Русское иго, или Нашествие ушкуйников на Золотую Орду - страница 5

стр.

Правда, Беляев с этим психологическим (я бы сказал более емко – бихевиористическим) объяснением ушкуйничества пытается связать и экономические причины «удалых походов» ушкуйников. Он пишет: «По минованию разгульного возраста, наскучивши буйством… (ушкуйники) как люди бывалые или сами начинали торговлю на свои капиталы, может быть собранные из добыч, приобретенных во время удалых походов, или делались помощниками старших, водили их караваны в новгородские земли»[15].

Несколько неубедительно, но вполне подпадает, как раньше бы сказали, «под формулу о «первоначальном накоплении капитала».

Дальше этого общего размышления по «возрастной психологии», навеянного, конечно, наблюдениями над нравами московских купцов XIX в. и их приказчиков, Беляев не идет, оставляя описываемое им явление необъясненным. Мало продвинули вопрос об ушкуйниках и позднейшие исследователи, обычно относившие начало ушкуйничества к самым ранним временам новгородской истории.

А. С. Лаппо-Данилевский характеризовал ушкуйничество как заключительный этап истории новгородской колонизации, как вырождение военно-финансовой колонизации[16].

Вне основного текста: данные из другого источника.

lemma card_F2_polys_lt: "card (F2_polys_lt n :: 'a::field poly set) = 2 ^ n"
proof -
  define poly_of :: "nat set \<Rightarrow> 'a poly" where "poly_of T = (\<Sum>i\<in>T. monom 1 i)" for T
  have coeff_poly_of: "coeff (poly_of T) i = (if i \<in> T then 1 else 0)" if "finite T" for T i
    using that by (simp add: poly_of_def coeff_sum coeff_monom)
  have support: "{i. coeff A i = 1} \<subseteq> {..<n}" if "A \<in> F2_polys_lt n" for A :: "'a poly"
  proof
    fix i assume "i \<in> {i. coeff A i = 1}"
    with that show "i \<in> {..<n}"
      unfolding F2_polys_lt_iff by (metis lessThan_iff mem_Collect_eq not_le zero_neq_one)
  qed
  have "bij_betw poly_of (Pow {..<n}) (F2_polys_lt n)"
  proof (rule bij_betw_byWitness[where f' = "\<lambda>A :: 'a poly. {i. coeff A i = 1}"])
    show "\<forall>T\<in>Pow {..<n}. {i. coeff (poly_of T) i = 1} = T"
      by (auto simp: coeff_poly_of finite_subset)
    show "\<forall>A\<in>F2_polys_lt n. poly_of {i. coeff A i = 1} = A"
    proof
      fix A :: "'a poly" assume A: "A \<in> F2_polys_lt n"
      then have "finite {i. coeff A i = 1}"
        using support finite_subset by blast
      with A show "poly_of {i. coeff A i = 1} = A"
        by (intro poly_eqI) (auto simp: coeff_poly_of F2_polys_lt_iff)
    qed
    show "poly_of ` Pow {..<n} \<subseteq> F2_polys_lt n"
    proof clarify
      fix T assume T: "T \<subseteq> {..<n}"
      then have "finite T"
        by (rule finite_subset) simp
      with T show "poly_of T \<in> F2_polys_lt n"
        by (auto simp: F2_polys_lt_iff coeff_poly_of)
    qed
    show "(\<lambda>A :: 'a poly. {i. coeff A i = 1}) ` F2_polys_lt n \<subseteq> Pow {..<n}"
      unfolding image_subset_iff Pow_iff using support by blast
  qed
  then have "card (Pow {..<n}) = card (F2_polys_lt n :: 'a poly set)"
    by (rule bij_betw_same_card)
  then show ?thesis
    by (simp add: card_Pow)
qed

lemma F2_polys_lt_diff:
  assumes "CHAR('a::field) = 2" and "A \<in> F2_polys_lt n" and "B \<in> F2_polys_lt n"
  shows "A - (B :: 'a poly) \<in> F2_polys_lt n"
proof -
  have "coeff A i - coeff B i \<in> {0, 1}" for i
  proof -
    have "coeff A i \<in> {0, 1}" "coeff B i \<in> {0, 1}"
      using assms(2,3) unfolding F2_polys_lt_iff by auto
    then show ?thesis
      using add_self_CHAR_2[OF assms(1), of 1] by (auto simp: minus_CHAR_2[OF assms(1)])
  qed
  moreover have "coeff A i - coeff B i = 0" if "i \<ge> n" for i
    using assms(2,3) that unfolding F2_polys_lt_iff by simp
  ultimately show ?thesis
    by (simp add: F2_polys_lt_iff)
qed

lemma F2_poly_eval_inj:
  fixes p :: "'b \<Rightarrow> 'a::field"
  assumes "CHAR('a) = 2" and "finite U"
    and inj: "inj_on (\<lambda>(u, k). p u ^ 2 ^ k) (U \<times> {..<r})"
    and "n \<le> card U * r"
  shows "inj_on (\<lambda>A. \<lambda>u\<in>U. poly A (p u)) (F2_polys_lt n)"
proof (rule inj_onI, rule ccontr)
  fix A B assume A: "A \<in> F2_polys_lt n" and B: "B \<in> F2_polys_lt n"
    and eq: "(\<lambda>u\<in>U. poly A (p u)) = (\<lambda>u\<in>U. poly B (p u))" and "A \<noteq> B"
  define C where "C = A - B"
  have C: "C \<in> F2_polys_lt n" "C \<noteq> 0"
    using F2_polys_lt_diff[OF assms(1) A B] \<open>A \<noteq> B\<close> unfolding C_def by auto
  have "(\<lambda>(u, k). p u ^ 2 ^ k) ` (U \<times> {..<r}) \<subseteq> {x. poly C x = 0}"
  proof clarify
    fix u k assume "u \<in> U"
    then have "poly C (p u) = 0"
      using fun_cong[OF eq, of u] unfolding C_def by simp
    then show "poly C (p u ^ 2 ^ k) = 0"
      using C(1) poly_power_2_power_if_coeffs_01[OF assms(1)]
      unfolding F2_polys_lt_iff by simp
  qed
  then have "card U * r \<le> card {x. poly C x = 0}"
    using card_mono[OF poly_roots_finite[OF C(2)]] card_image[OF inj] assms(2)
    by (metis card_cartesian_product card_lessThan)
  also have "\<dots> \<le> degree C"
    using card_poly_roots_bound[OF C(2)] .
  also have "\<dots> < n"
    using C unfolding F2_polys_lt_def by auto
  finally show False
    using assms(4) by simp
qed

lemma F2_poly_eval_bij:
  fixes p :: "'b \<Rightarrow> 'a::{finite,field}"
  assumes "CHAR('a) = 2" and "card (UNIV :: 'a set) = 2 ^ r" and "finite U"
    and "inj_on (\<lambda>(u, k). p u ^ 2 ^ k) (U \<times> {..<r})"
    and "n = card U * r"
  shows "bij_betw (\<lambda>A. \<lambda>u\<in>U. poly A (p u)) (F2_polys_lt n) (U \<rightarrow>\<^sub>E (UNIV :: 'a set))"
proof -
  let ?E = "\<lambda>A. \<lambda>u\<in>U. poly A (p u)"
  have inj: "inj_on ?E (F2_polys_lt n)"
    using F2_poly_eval_inj[OF assms(1,3,4)] assms(5) by simp
  have "card (?E ` F2_polys_lt n) = 2 ^ n"
    by (simp add: card_image[OF inj] card_F2_polys_lt)
  also have "\<dots> = card (U \<rightarrow>\<^sub>E (UNIV :: 'a set))"
    using assms(2,3,5) by (simp add: card_PiE mult.commute flip: power_mult)
  finally have "?E ` F2_polys_lt n = U \<rightarrow>\<^sub>E UNIV"
    by (intro card_subset_eq) (auto intro: finite_PiE assms(3))
  with inj show ?thesis
    unfolding bij_betw_def by simp
qed

theorem proposition2:
  fixes v :: "nat \<Rightarrow> 'a::{finite,field}"
    and m lm l n np :: nat
  assumes "card (UNIV :: 'a set) = 2 ^ m"
    and "m = 2 ^ lm" and "lm \<ge> 1"
    and "cantor_basis v m"
    and "l < m div 2"
    and "n = m * 2 ^ l" and "np = n div m"
  shows "bij_betw (\<lambda>A. \<lambda>u\<in>span2 v l. poly A (v (l + m div 2) + u))
           (F2_polys_lt n) (span2 v l \<rightarrow>\<^sub>E (UNIV :: 'a set))
         \<and> card (span2 v l) = np"
proof -
  have char_2: "CHAR('a) = 2"
    by (rule CHAR_eq_2_if_card_eq_power_2[OF assms(1)])
  have basis: "F2_basis v m" and v0: "v 0 = 1"
    and rec: "\<forall>i. 0 < i \<and> i < m \<longrightarrow> v i ^ 2 + v i = v (i - 1)"
    using assms(4) unfolding cantor_basis_def by auto
  have card_span: "card (span2 v l) = 2 ^ l"
    using card_span2[OF basis] assms(5) by simp
  have "bij_betw (\<lambda>A. \<lambda>u\<in>span2 v l. poly A (v (l + m div 2) + u))
          (F2_polys_lt n) (span2 v l \<rightarrow>\<^sub>E (UNIV :: 'a set))"
    using cantor_points_frobenius_inj[OF char_2 v0 rec assms(2,3,5)] card_span assms(6)
    by (intro F2_poly_eval_bij[OF char_2 assms(1)]) auto
  moreover have "card (span2 v l) = np"
    using card_span assms(2,6,7) by simp
  ultimately show ?thesis ..
qed

end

Действительно, имеются все основания, как это будет показано ниже, отделить походы второй половины XIV и начала XV в. от более ранних, как особый и весьма существенный этап в истории новгородских ушкуйников. Правда, Бернадский замечает: «спрашивается, однако, насколько оправданным является отнесение именно к этому этапу наименования «ушкуйничество». Сужение значения термина «ушкуйничество» оправдывается терминологией источников (летописей), которые пользуются им только в узком, хронологически ограниченном, вполне определенном смысле»[17].

* * *

Еще раз повторим: ушкуйники представляли собой нерегулярные вооруженные формирования Великого Новгорода. Им поручались изучение территорий и населяемых их племен, сбор дани с обширных северных и северо-восточных владений Новгорода, захват того или иного укрепленного форпоста противника, разведку (порой – разведку боем), поиск новых речных и пеших путей, – все это должно было способствовать и расширению границ Новгородской республики и укреплению ее авторитета. Часто они явно превышали полномочия, действуя по своему почину.

Ушкуйники, по мнению ряда исследователей, – это русский вариант варягов и викингов. Так, М. М. Богословский видел в ушкуйничестве первоначальную форму новгородской колонизации Севера и готов был сблизить ушкуйников с норманнами времен викингов.

«Первоначальной распространительницей новгородского владычества на Севере, – замечал он, – надо считать вооруженную промышленную ватагу ушкуйников, очень напоминавшую подобные же нормандские ватаги под предводительством викингов»[18].

Существует и иное мнение, которое, правда, зачастую оспаривается. Согласно ей, ушкуйники осуществляли защиту Новгородских земель. К такому выводу можно прийти, если обратить внимание на летописные тексты о походе ушкуйников против шведов и ливонцев.

* * *

Но откуда пошло это очень звонкое прозвище – «ушкуйники»? Да еще с не менее звонкими именами: Гюрята, Жила, Анфал, Олюша, Власий, Федец, Острог, Бориско, Дмитрок, Микитица, Онцифер, Лука, Семенец, Григорь, Степанец, Савица, Чешко[19]?

По рекам и морям новгородские повольники двигались на парусно-гребных судах – «ушкуях», за что и получили свое имя.

Российско-германский филолог Макс Фасмер, например, считал так: слово «ушкуй» произошло от древневепского слова «лодка»[20].

Суда могли быть названы и по имени полярного медведя – «ушкуя» или «ошкуйя». «Ошкуй» – морской, ледовитый, северный, белый медведь. Это название было у поморов в ходу еще в XIX в.

И норманны называли свои боевые суда «морскими волками». На высоком носу ушкуя красовалась резная голова медведя.

А в новгородской былине в описании корабля героя русских былин Соловья Будимировича сказано: «На том было соколе-корабле два медведя белые заморские»[21].

Обычно ушкуй строился из сосны. Киль его вытесывался из одного ствола и представлял собой брус, поверх которого накладывалась широкая доска, служившая основанием для поясов наружной обшивки. Она скреплялась с килем деревянными стержнями (гвоздями), концы которых расклинивались.